'''

lemma bernoulli_expectation_const:
  assumes "finite A"
  shows "bernoulli_expectation p A (\<lambda>_. c) = c"
  using assms
proof (induction A rule: finite_induct)
  case empty
  show ?case by (simp add: bernoulli_expectation_def bernoulli_weight_def)
next
  case (insert a A)
  have "bernoulli_expectation p {a} (\<lambda>_. c) = c"
    by (simp add: bernoulli_expectation_def bernoulli_weight_def Pow_insert algebra_simps)
  then show ?case
    using bernoulli_expectation_Un[of A "{a}" p "\<lambda>_. c"] insert by simp
qed

lemma bernoulli_expectation_linear:
  "bernoulli_expectation p A (\<lambda>F. x * \<phi> F + y * \<psi> F) =
    x * bernoulli_expectation p A \<phi> + y * bernoulli_expectation p A \<psi>"
  unfolding bernoulli_expectation_def
  by (simp add: algebra_simps sum.distrib sum_distrib_left)

lemma bernoulli_expectation_if:
  assumes "finite A"
  shows "bernoulli_expectation p A (\<lambda>F. if P F then x else y) =
    bernoulli_expectation p A (\<lambda>F. of_bool (P F)) * x +
    (1 - bernoulli_expectation p A (\<lambda>F. of_bool (P F))) * y"
proof -
  let ?q = "bernoulli_expectation p A (\<lambda>F. of_bool (P F))"
  have "bernoulli_expectation p A (\<lambda>F. 1 - of_bool (P F)) =
      bernoulli_expectation p A (\<lambda>F. 1 * 1 + (- 1) * of_bool (P F))"
    by simp
  also have "\<dots> = 1 - ?q"
    unfolding bernoulli_expectation_linear bernoulli_expectation_const[OF assms] by simp
  finally have complement: "bernoulli_expectation p A (\<lambda>F. 1 - of_bool (P F)) = 1 - ?q" .
  have "bernoulli_expectation p A (\<lambda>F. if P F then x else y) =
      bernoulli_expectation p A (\<lambda>F. x * of_bool (P F) + y * (1 - of_bool (P F)))"
    by (rule bernoulli_expectation_cong) simp
  then show ?thesis
    unfolding bernoulli_expectation_linear complement by (simp add: algebra_simps)
qed

lemma prob_Pi_bernoulli:
  assumes "finite A" "\<And>a. a \<in> A \<Longrightarrow> 0 \<le> p a \<and> p a \<le> 1"
  shows "measure_pmf.prob (Pi_pmf A False (\<lambda>a. bernoulli_pmf (p a))) {f. P f} =
    bernoulli_expectation p A (\<lambda>F. of_bool (P (\<lambda>u. u \<in> F)))"
proof -
  let ?M = "Pi_pmf A False (\<lambda>a. bernoulli_pmf (p a))"
  let ?ind = "\<lambda>F u. u \<in> F"
  have support: "set_pmf ?M \<subseteq> ?ind ` Pow A"
  proof
    fix f assume "f \<in> set_pmf ?M"
    then have "\<forall>u. u \<notin> A \<longrightarrow> f u = False"
      using set_Pi_pmf_subset[OF assms(1), of False "\<lambda>a. bernoulli_pmf (p a)"] by blast
    then have "f = ?ind {u \<in> A. f u}"
      by (auto simp: fun_eq_iff)
    then show "f \<in> ?ind ` Pow A" by blast
  qed
  have pmf_ind: "pmf ?M (?ind F) = bernoulli_weight p A F" if "F \<subseteq> A" for F
  proof -
    have "pmf ?M (?ind F) = (\<Prod>a\<in>A. pmf (bernoulli_pmf (p a)) (a \<in> F))"
      using that by (intro pmf_Pi' assms(1)) blast
    also have "\<dots> = bernoulli_weight p A F"
      unfolding bernoulli_weight_def using assms(2) by (intro prod.cong) auto
    finally show ?thesis .
  qed
  have inj: "inj_on ?ind (Pow A)"
    by (rule inj_onI) (metis Collect_mem_eq)
  have "measure_pmf.prob ?M {f. P f} = (\<integral>f. indicator {f. P f} f \<partial>?M)"
    by simp
  also have "\<dots> = (\<Sum>f\<in>?ind ` Pow A. indicator {f. P f} f * pmf ?M f)"
    using support assms(1) by (intro integral_measure_pmf_real) auto
  also have "\<dots> = (\<Sum>F\<in>Pow A. of_bool (P (?ind F)) * bernoulli_weight p A F)"
    unfolding sum.reindex[OF inj] by (intro sum.cong) (auto simp: pmf_ind)
  finally show ?thesis
    unfolding bernoulli_expectation_def by (simp add: mult.commute)
qed

section \<open>Structure functions with cut-off nodes\<close>

text \<open>The structure function of the tree in which the nodes of C are cut off and behave like
  basic events; X is the set of failed basic events and cut nodes.\<close>
inductive cut_sfun :: "('v \<times> 'v) set \<Rightarrow> ('v \<Rightarrow> gate) \<Rightarrow> 'v set \<Rightarrow> 'v set \<Rightarrow> 'v \<Rightarrow> bool"
  for E gam C X where
  cut_sfun_cut: "x \<in> C \<Longrightarrow> x \<in> X \<Longrightarrow> cut_sfun E gam C X x"
| cut_sfun_BE: "gam x = BE \<Longrightarrow> x \<in> X \<Longrightarrow> cut_sfun E gam C X x"
| cut_sfun_OR: "x \<notin> C \<Longrightarrow> gam x = OR \<Longrightarrow> (x, c) \<in> E \<Longrightarrow> cut_sfun E gam C X c \<Longrightarrow> cut_sfun E gam C X x"
| cut_sfun_AND: "x \<notin> C \<Longrightarrow> gam x = AND \<Longrightarrow> (\<forall>c. (x, c) \<in> E \<longrightarrow> cut_sfun E gam C X c) \<Longrightarrow>
    cut_sfun E gam C X x"

lemma cut_sfun_iff:
  "cut_sfun E gam C X x \<longleftrightarrow>
    (if x \<in> C \<or> gam x = BE then x \<in> X
     else if gam x = OR then \<exists>c. (x, c) \<in> E \<and> cut_sfun E gam C X c
     else \<forall>c. (x, c) \<in> E \<longrightarrow> cut_sfun E gam C X c)" (is "_ \<longleftrightarrow> ?rhs")
proof
  assume "cut_sfun E gam C X x"
  then show "?rhs" by cases auto
next
  assume "?rhs"
  then show "cut_sfun E gam C X x"
    by (cases "gam x") (auto split: if_splits intro: cut_sfun.intros)
qed

lemma sfun_iff_cut_sfun: "sfun E gam f x \<longleftrightarrow> cut_sfun E gam {} {u. f u} x"
proof
  show "sfun E gam f x \<Longrightarrow> cut_sfun E gam {} {u. f u} x"
    by (induction rule: sfun.induct) (auto intro: cut_sfun.intros)
  show "cut_sfun E gam {} {u. f u} x \<Longrightarrow> sfun E gam f x"
    by (induction rule: cut_sfun.induct) (auto intro: sfun.intros)
qed

lemma cut_sfun_local:
  assumes wf: "wf (E\<inverse>)" and "y \<in> N"
    and status: "\<And>x. x \<in> N \<Longrightarrow> x \<notin> K \<Longrightarrow> (x \<in> C1 \<or> gam x = BE) \<longleftrightarrow> (x \<in> C2 \<or> gam x = BE)"
    and input: "\<And>x. x \<in> N \<Longrightarrow> x \<notin> K \<Longrightarrow> x \<in> C1 \<or> gam x = BE \<Longrightarrow> x \<in> X1 \<longleftrightarrow> x \<in> X2"
    and closed: "\<And>x c. x \<in> N \<Longrightarrow> x \<notin> K \<Longrightarrow> x \<notin> C1 \<Longrightarrow> gam x \<noteq> BE \<Longrightarrow> (x, c) \<in> E \<Longrightarrow> c \<in> N"
    and known: "\<And>x. x \<in> N \<Longrightarrow> x \<in> K \<Longrightarrow> cut_sfun E gam C1 X1 x \<longleftrightarrow> cut_sfun E gam C2 X2 x"
  shows "cut_sfun E gam C1 X1 y \<longleftrightarrow> cut_sfun E gam C2 X2 y"
  using \<open>y \<in> N\<close>
proof (induction y rule: wf_induct_rule[OF wf])
  case (1 y)
  show ?case
  proof (cases "y \<in> K")
    case True
    then show ?thesis using known 1 by blast
  next
    case False
    show ?thesis
    proof (cases "y \<in> C1 \<or> gam y = BE")
      case True
      then show ?thesis
        using status[OF 1(2) False] input[OF 1(2) False]
        unfolding cut_sfun_iff[of E gam C1 X1 y] cut_sfun_iff[of E gam C2 X2 y] by simp
    next
      case inner: False
      have "cut_sfun E gam C1 X1 c \<longleftrightarrow> cut_sfun E gam C2 X2 c" if "(y, c) \<in> E" for c
        using 1 closed[OF 1(2) False] inner that by blast
      then show ?thesis
        using status[OF 1(2) False] inner
        unfolding cut_sfun_iff[of E gam C1 X1 y] cut_sfun_iff[of E gam C2 X2 y] by auto
    qed
  qed
qed
(* Let $A$ and $Z$ be $n\times n$ complex matrices with $A$ positive semidefinite and $Z$ positive definite with largest eigenvalue $a$ and smallest eigenvalue $b$. Then $$\Vert AZ\Vert_\infty \le \frac{a+b}{2\sqrt{ab}}\,\rho(AZ) \quad\text{and}\quad \Vert AZ\Vert_1 \le \frac{a+b}{2\sqrt{ab}}\,{\rm Tr}\,AZ.$$
   Context: $\Vert\cdot\Vert_\infty$ is the operator norm (largest singular value), $\Vert\cdot\Vert_1$ is the trace norm (sum of singular values), $\rho(\cdot)$ is the spectral radius, and ${\rm Tr}$ is the trace. *)

theory Defs
  imports "Jordan_Normal_Form.Spectral_Radius" "Jordan_Normal_Form.Schur_Decomposition"
begin

definition mat_trace :: "complex mat \<Rightarrow> complex" where
  "mat_trace A = (\<Sum>i<dim_row A. A $$ (i, i))"

definition hermitian_mat :: "nat \<Rightarrow> complex mat \<Rightarrow> bool" where
  "hermitian_mat n A \<longleftrightarrow> A \<in> carrier_mat n n \<and> mat_adjoint A = A"

definition psd_mat :: "nat \<Rightarrow> complex mat \<Rightarrow> bool" where
  "psd_mat n A \<longleftrightarrow> hermitian_mat n A \<and>
     (\<forall>v \<in> carrier_vec n. 0 \<le> Re (conjugate v \<bullet> (A *\<^sub>v v)))"

definition pd_mat :: "nat \<Rightarrow> complex mat \<Rightarrow> bool" where
  "pd_mat n A \<longleftrightarrow> hermitian_mat n A \<and>
     (\<forall>v \<in> carrier_vec n. v \<noteq> 0\<^sub>v n \<longrightarrow> 0 < Re (conjugate v \<bullet> (A *\<^sub>v v)))"

text \<open>Singular values: square roots of the eigenvalues of A^* A (counted with
  algebraic multiplicity in the trace norm).\<close>
definition op_norm :: "complex mat \<Rightarrow> real" where
  "op_norm A = sqrt (Max (Re ` spectrum (mat_adjoint A * A)))"

definition trace_norm :: "complex mat \<Rightarrow> real" where
  "trace_norm A = (\<Sum>e\<in>spectrum (mat_adjoint A * A).
      real (order e (char_poly (mat_adjoint A * A))) * sqrt (Re e))"

end

(*
  Write A = W^2 with W Hermitian. Since the spectrum of Z lies in [b, a], the operator inequality
  Z^2 <= (a + b) Z - a b I holds.

  Operator norm: ||A Z|| = ||(A Z)^*||, and (A Z)^* y = Z w with w = A y. Then
  |Z w|^2 <= (a + b) <Z w, w> - a b |w|^2, and <Z w, w> <= l <A y, y>, where l is the largest
  eigenvalue of W Z W. As l is also an eigenvalue of A Z, |l| <= rho(A Z). Maximising
  (a + b) l t - a b t^2 over the eigenvalues t of A gives ||A Z||^2 <= ((a + b) rho)^2 / (4 a b).

  Trace norm: a polar factor P of A Z and an eigenbasis V of (A Z)^* (A Z) give
  ||A Z||_1 = Tr (W P)^* (W Z V). AM-GM with weight sqrt (a b) bounds this by Tr (P^* A P) <= Tr A
  and Tr (Z A Z) <= (a + b) Tr (A Z) - a b Tr A, and the Tr A terms cancel.
*)

theory Submission
  imports Defs
begin

section \<open>Adjoints, vector norms and unitary matrices\<close>

lemma dim_mat_adjoint [simp]:
  "dim_row (mat_adjoint A) = dim_col A" "dim_col (mat_adjoint A) = dim_row A"
  unfolding mat_adjoint_def by auto

lemma mat_adjoint_carrier [simp]: "A \<in> carrier_mat n m \<Longrightarrow> mat_adjoint A \<in> carrier_mat m n"
  by (metis dim_mat_adjoint carrier_matD carrier_matI)

lemma index_mat_adjoint [simp]:
  fixes A :: "complex mat"
  shows "i < dim_col A \<Longrightarrow> j < dim_row A \<Longrightarrow> mat_adjoint A $$ (i, j) = cnj (A $$ (j, i))"
  unfolding mat_adjoint_def by (auto simp: mat_of_rows_def)

lemma row_mat_adjoint:
  fixes A :: "complex mat"
  shows "i < dim_col A \<Longrightarrow> row (mat_adjoint A) i = conjugate (col A i)"
  by (rule eq_vecI) auto

lemma mat_adjoint_mult:
  fixes A B :: "complex mat"
  assumes "A \<in> carrier_mat n k" "B \<in> carrier_mat k m"
  shows "mat_adjoint (A * B) = mat_adjoint B * mat_adjoint A"
  by (rule eq_matI) (use assms in \<open>auto simp: scalar_prod_def cnj_sum mult.commute\<close>)

lemma mat_adjoint_adjoint [simp]: "mat_adjoint (mat_adjoint A) = (A :: complex mat)"
  by (rule eq_matI) auto

lemma mat_adjoint_one [simp]: "mat_adjoint (1\<^sub>m n) = (1\<^sub>m n :: complex mat)"
  by (rule eq_matI) auto

lemma mat_adjoint_minus:
  fixes A B :: "complex mat"
  assumes "A \<in> carrier_mat n m" "B \<in> carrier_mat n m"
  shows "mat_adjoint (A - B) = mat_adjoint A - mat_adjoint B"
  by (rule eq_matI) (use assms in auto)

definition sq_norm :: "complex vec \<Rightarrow> real" where
  "sq_norm v = (\<Sum>i<dim_vec v. (cmod (v $ i))\<^sup>2)"

lemma sq_norm_nonneg: "sq_norm v \<ge> 0"
  unfolding sq_norm_def by (simp add: sum_nonneg)

lemma cscalar_prod_self: "v \<bullet>c v = complex_of_real (sq_norm v)"
proof -
  have "v \<bullet>c v = (\<Sum>i<dim_vec v. v $ i * cnj (v $ i))"
    by (simp add: scalar_prod_def lessThan_atLeast0)
  also have "\<dots> = complex_of_real (sq_norm v)"
    unfolding sq_norm_def of_real_sum by (simp only: complex_norm_square)
  finally show ?thesis .
qed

'''

ASSIGNMENT: Can you repeat, word for word, every line above from the one containing "x \<Longrightarrow> sfun" down to the one containing "X1 \<longleftrightarrow> x", including both?

RESULT:
  show "cut_sfun E gam {} {u. f u} x \<Longrightarrow> sfun E gam f x"
    by (induction rule: cut_sfun.induct) (auto intro: sfun.intros)
qed

lemma cut_sfun_local:
  assumes wf: "wf (E\<inverse>)" and "y \<in> N"
    and status: "\<And>x. x \<in> N \<Longrightarrow> x \<notin> K \<Longrightarrow> (x \<in> C1 \<or> gam x = BE) \<longleftrightarrow> (x \<in> C2 \<or> gam x = BE)"
    and input: "\<And>x. x \<in> N \<Longrightarrow> x \<notin> K \<Longrightarrow> x \<in> C1 \<or> gam x = BE \<Longrightarrow> x \<in> X1 \<longleftrightarrow> x \<in> X2"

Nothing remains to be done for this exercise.